Так и в судьбе Аввакума: «ин началник» хотел его застрелить, «а пищаль не стрелила. Он же бросил ея на землю, и из другия паки запалил так же», но и та, по божественной воле, «не стрелила». Когда Аввакума первый раз «посадили на чеп [на цепь]», то он три дня «ни ел, ни пил», и вдруг ночью свершилось чудо: «ста предо мною, — вспоминает Аввакум, — не вем — ангел, не вем — человек, и по се время не знаю; токмо в потемках молитву сотворил и, взяв меня за плечо, с чепью к лавке привел и посадил, и лошку в руки дал и хлебца немношко и штец дал похлебать — зело прикусны, хороши!» «Двери не отворялись, — вспоминает далее Аввакум, — а ево не стало! Дивно толко человек; а что ж ангел? Ино нечему дивитца — везде ему не загорожено». Так осторожно, как бы сам сомневаясь и не веря, Аввакум подводит читателя к мысли о помощи, посланной ему от бога.

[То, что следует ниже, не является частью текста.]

theorem theorem5p1:
  fixes nrm :: "real^'n \<Rightarrow> real" and N :: "real^'n \<Rightarrow> real^'n"
    and \<Lambda> \<delta> \<rho> \<kappa> :: real and l0 l1 lb0 lb1 x0 :: "real^'n"
  assumes norm: "is_norm nrm"
    and strict: "strictly_convex_norm nrm"
    and grad: "\<And>x. x \<noteq> 0 \<Longrightarrow> (nrm has_derivative (\<lambda>v. v \<bullet> N x)) (at x)"
    and C1: "continuous_on (UNIV - {0}) N"
    and geo: "geometrically_convex nrm N \<Lambda>"
    and Lam: "\<Lambda> > 2"
    and h1: "nrm (l1 - lb0) \<ge> nrm (l1 - l0)"
    and h2: "nrm (lb1 - l0) \<ge> nrm (lb1 - lb0)"
    and h3: "nrm (l1 - l0) = 1" and h4: "nrm (lb1 - lb0) = 1"
    and del: "0 < \<delta>" "\<delta> < 1/4"
    and int1: "closed_segment l0 l1 \<inter> nball nrm x0 \<delta> \<noteq> {}"
    and int2: "closed_segment lb0 lb1 \<inter> nball nrm x0 \<delta> \<noteq> {}"
    and rho: "\<rho> > 3 * \<delta>"
    and out: "l1 \<notin> nball nrm x0 \<rho>" "l0 \<notin> nball nrm x0 \<rho>"
    and kap: "\<kappa> \<ge> 4 / (\<rho> - 3 * \<delta>)"
    and sig: "sigma nrm N (l1 - l0) (\<kappa> * \<delta>) \<le> sigma nrm N (lb1 - lb0) (\<kappa> * \<delta>)"
  shows "hfun nrm N (lb1 - lb0) (lb1 - l0) + hfun nrm N (lb1 - lb0) (l1 - lb0)
           \<le> \<Lambda> / (\<Lambda> - 2) * sigma nrm N (lb1 - lb0) (\<kappa> * \<delta>)"
  \<comment> \<open>Strict convexity, continuity of \<open>N\<close>, \<open>\<delta> < 1/4\<close> and the comparison \<open>sig\<close> of the two
      \<open>\<sigma>\<close>-values are not needed for this estimate.\<close>
proof -
  have far: "1 \<le> nrm (lb1 - l0)" "1 \<le> nrm (l1 - lb0)"
    using h1 h2 h3 h4 by simp_all
  obtain s t d where dec: "lb1 - l0 = (1 - t) *\<^sub>R (lb1 - lb0) + s *\<^sub>R (l1 - l0) + d"
      "l1 - lb0 = t *\<^sub>R (lb1 - lb0) + (1 - s) *\<^sub>R (l1 - l0) - d"
    and d: "nrm d \<le> 2 * \<delta>" and s: "\<rho> - \<delta> < s" "\<rho> - \<delta> < 1 - s" and st: "\<bar>s - t\<bar> \<le> 2 * \<delta>"
    using unit_segments_near_point[OF norm h3 h4 far int1 int2 out(2,1)] by blast
  have "\<kappa> > 0"
    using rho kap divide_pos_pos[of 4 "\<rho> - 3 * \<delta>"] by linarith
  define m where "m = 2 / \<kappa>"
  have "0 < m"
    using \<open>\<kappa> > 0\<close> by (simp add: m_def)
  have "2 * m \<le> \<rho> - 3 * \<delta>"
    using kap rho \<open>\<kappa> > 0\<close> by (simp add: m_def pos_divide_le_eq mult.commute)
  have "nrm d \<le> m * (\<kappa> * \<delta>)"
    using d \<open>\<kappa> > 0\<close> by (simp add: m_def)
  have "lb1 - lb0 \<noteq> 0"
    using h4 nrm_zero[OF norm] by auto
  show ?thesis
    by (rule hfun_pair_le_sigma[OF norm grad[OF \<open>lb1 - lb0 \<noteq> 0\<close>] geo Lam \<open>lb1 - lb0 \<noteq> 0\<close> _
          \<open>0 < m\<close> _ _ _ _ \<open>nrm d \<le> m * (\<kappa> * \<delta>)\<close> dec])
      (use far h3 h4 s st del \<open>0 < m\<close> \<open>2 * m \<le> \<rho> - 3 * \<delta>\<close> in arith)+
qed

end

Главным делом своей жизни Аввакум почитал борьбу с реформами Никона, и поэтому большая часть «Жития» посвящена именно этому периоду гонений. Он с особой подробностью описывает свои страдания от голода, холода, побоев, долгого пребывания в сырых и темных камерах. Вопреки высокому слогу летописей и хронографов, высокопарно повествовавших о мучениях праведников, Аввакум рассказывает о самых страшных своих мучениях необычайно просто, в бытовой, разговорной манере, а зачастую и с иронической усмешкой.

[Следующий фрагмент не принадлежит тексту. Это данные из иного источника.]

(* Fix $T\ge1$, $N_s\ge1$ storage devices, $N\ge 1$ net-capacity-surplus profiles $(P_t(k))_{t=1}^T$, and initial states of charge $S_{i,0}\ge 0$. For parameters $\overline{S}_i\ge S_{i,0}$, $\overline{x}_i\ge 0$ ($i=1,\dots,N_s$), let $v_k$ be the optimal value of problem (P2) for profile $k$ and $\mathrm{EUE}=\frac1N\sum_{k=1}^N\big(\sum_t p_t^-(k)+v_k\big)$. Then (P2) is always feasible, and for any device $i$, if its qualified capacity is $\overline{S}_i$, or $\overline{x}_i$, or more generally the parameters $(\overline{S}_i,\overline{x}_i)$ move along a ray $(\overline{S}_i^0+a\theta,\overline{x}_i^0+b\theta)$, $\theta\ge0$, $a,b\ge0$, $(a,b)\ne(0,0)$, with all other parameters fixed, then EUE as a function of this parameter is continuous, piecewise linear, and non-increasing; in particular the MRI $=-\partial\mathrm{EUE}/\partial\mathrm{QC}$ of device $i$ is non-negative wherever it exists, regardless of the profiles.
   Context: For real $P_t$ (net capacity surplus at hour $t$), $p_t^+=\max\{P_t,0\}$, $p_t^-=\max\{-P_t,0\}$. Problem (P2) (multiple storage devices under reliability dispatch, no cross-charging): minimize over $S_{i,t}$ ($i=1,\dots,N_s$, $t=1,\dots,T$) $$\sum_{t=1}^T\min\Big\{0,\sum_{i=1}^{N_s}(S_{i,t}-S_{i,t-1})\Big\}$$ subject to, for all $i,t$: $0\le S_{i,t}\le\overline{S}_i$ (multipliers $\lambda_{i,1t},\lambda_{i,2t}$); $-\overline{x}_i\le S_{i,t}-S_{i,t-1}\le\overline{x}_i$ (multipliers $\lambda_{i,3t},\lambda_{i,4t}$); $-p_t^-\le S_{i,t}-S_{i,t-1}\le p_t^+$ (multipliers $\lambda_{i,5t},\lambda_{i,6t}$); and for all $t$: $-p_t^-\le\sum_i(S_{i,t}-S_{i,t-1})\le p_t^+$ (multipliers $\lambda_{7t},\lambda_{8t}$). The $S_{i,0}$ are given constants. Profiles are equally likely. *)

theory Defs
  imports Complex_Main
begin

definition pplus :: "real \<Rightarrow> real" where "pplus x = max x 0"
definition pminus :: "real \<Rightarrow> real" where "pminus x = max (- x) 0"

text \<open>Feasible set of problem (P2) for one profile p (hours 1..T), devices 1..Ns.
  S i t is the state of charge of device i at hour t; S i 0 is fixed to the given S0 i.\<close>
definition feasible_P2 ::
  "nat \<Rightarrow> nat \<Rightarrow> (nat \<Rightarrow> real) \<Rightarrow> (nat \<Rightarrow> real) \<Rightarrow> (nat \<Rightarrow> real) \<Rightarrow> (nat \<Rightarrow> real)
   \<Rightarrow> (nat \<Rightarrow> nat \<Rightarrow> real) \<Rightarrow> bool" where
  "feasible_P2 Ns T S0 Sbar xbar p S \<longleftrightarrow>
     (\<forall>i\<in>{1..Ns}. S i 0 = S0 i) \<and>
     (\<forall>i\<in>{1..Ns}. \<forall>t\<in>{1..T}.
        0 \<le> S i t \<and> S i t \<le> Sbar i \<and>
        - xbar i \<le> S i t - S i (t - 1) \<and> S i t - S i (t - 1) \<le> xbar i \<and>
        - pminus (p t) \<le> S i t - S i (t - 1) \<and> S i t - S i (t - 1) \<le> pplus (p t)) \<and>
     (\<forall>t\<in>{1..T}.
        - pminus (p t) \<le> (\<Sum>i=1..Ns. S i t - S i (t - 1)) \<and>
        (\<Sum>i=1..Ns. S i t - S i (t - 1)) \<le> pplus (p t))"

definition obj_P2 :: "nat \<Rightarrow> nat \<Rightarrow> (nat \<Rightarrow> nat \<Rightarrow> real) \<Rightarrow> real" where
  "obj_P2 Ns T S = (\<Sum>t=1..T. min 0 (\<Sum>i=1..Ns. S i t - S i (t - 1)))"

definition optval_P2 ::
  "nat \<Rightarrow> nat \<Rightarrow> (nat \<Rightarrow> real) \<Rightarrow> (nat \<Rightarrow> real) \<Rightarrow> (nat \<Rightarrow> real) \<Rightarrow> (nat \<Rightarrow> real) \<Rightarrow> real" where
  "optval_P2 Ns T S0 Sbar xbar p =
     Inf (obj_P2 Ns T ` {S. feasible_P2 Ns T S0 Sbar xbar p S})"

definition EUE ::
  "nat \<Rightarrow> nat \<Rightarrow> nat \<Rightarrow> (nat \<Rightarrow> nat \<Rightarrow> real) \<Rightarrow> (nat \<Rightarrow> real) \<Rightarrow> (nat \<Rightarrow> real)
   \<Rightarrow> (nat \<Rightarrow> real) \<Rightarrow> real" where
  "EUE N Ns T P S0 Sbar xbar =
     (1 / real N) * (\<Sum>k=1..N. (\<Sum>t=1..T. pminus (P k t)) + optval_P2 Ns T S0 Sbar xbar (P k))"

definition piecewise_linear_nonneg :: "(real \<Rightarrow> real) \<Rightarrow> bool" where
  "piecewise_linear_nonneg f \<longleftrightarrow>
     (\<exists>xs :: real list. xs \<noteq> [] \<and> xs ! 0 = 0 \<and> sorted_wrt (<) xs \<and>
        (\<forall>j < length xs - 1. \<exists>c d. \<forall>\<theta>\<in>{xs ! j .. xs ! (j+1)}. f \<theta> = c * \<theta> + d) \<and>
        (\<exists>c d. \<forall>\<theta>\<ge>last xs. f \<theta> = c * \<theta> + d))"

end

theory Submission
  imports Defs
begin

Вот как пишет Аввакум о своем первом заключении в Андрониевом монастыре. Он сидел на цепи, в темной «полатке» (камере), что «ушла в землю». «Никто ко мне не приходил, — вспоминает Аввакум, — токмо мыши, и тараканы, и сверчки кричат, и блох довольно. В Сибири, в Братском остроге, он, что собачка, лежал на соломке еж ал «на брюхе», так как спина гнила от побоев. Подробно и словно бы бесстрастно описывает Аввакум переносимые им побои и надругательства. Тобольский воевода Афанасий Пашков, «рыкнув», как зверь, «ударил меня по щеке, таже по другой, и паки в голову и збил меня с ног и чекан [кистень] ухватя, лежачева по спине ударил трижды... и по той же спине семьдесят два удара кнутом». В другой раз закованного протопопа везли в лодке: «сверху дождь и снег, а мне на плеча накинуто кафтанишко просто; льет вода по брюху и по спине — нужно было гораздо», — вспоминает Аввакум.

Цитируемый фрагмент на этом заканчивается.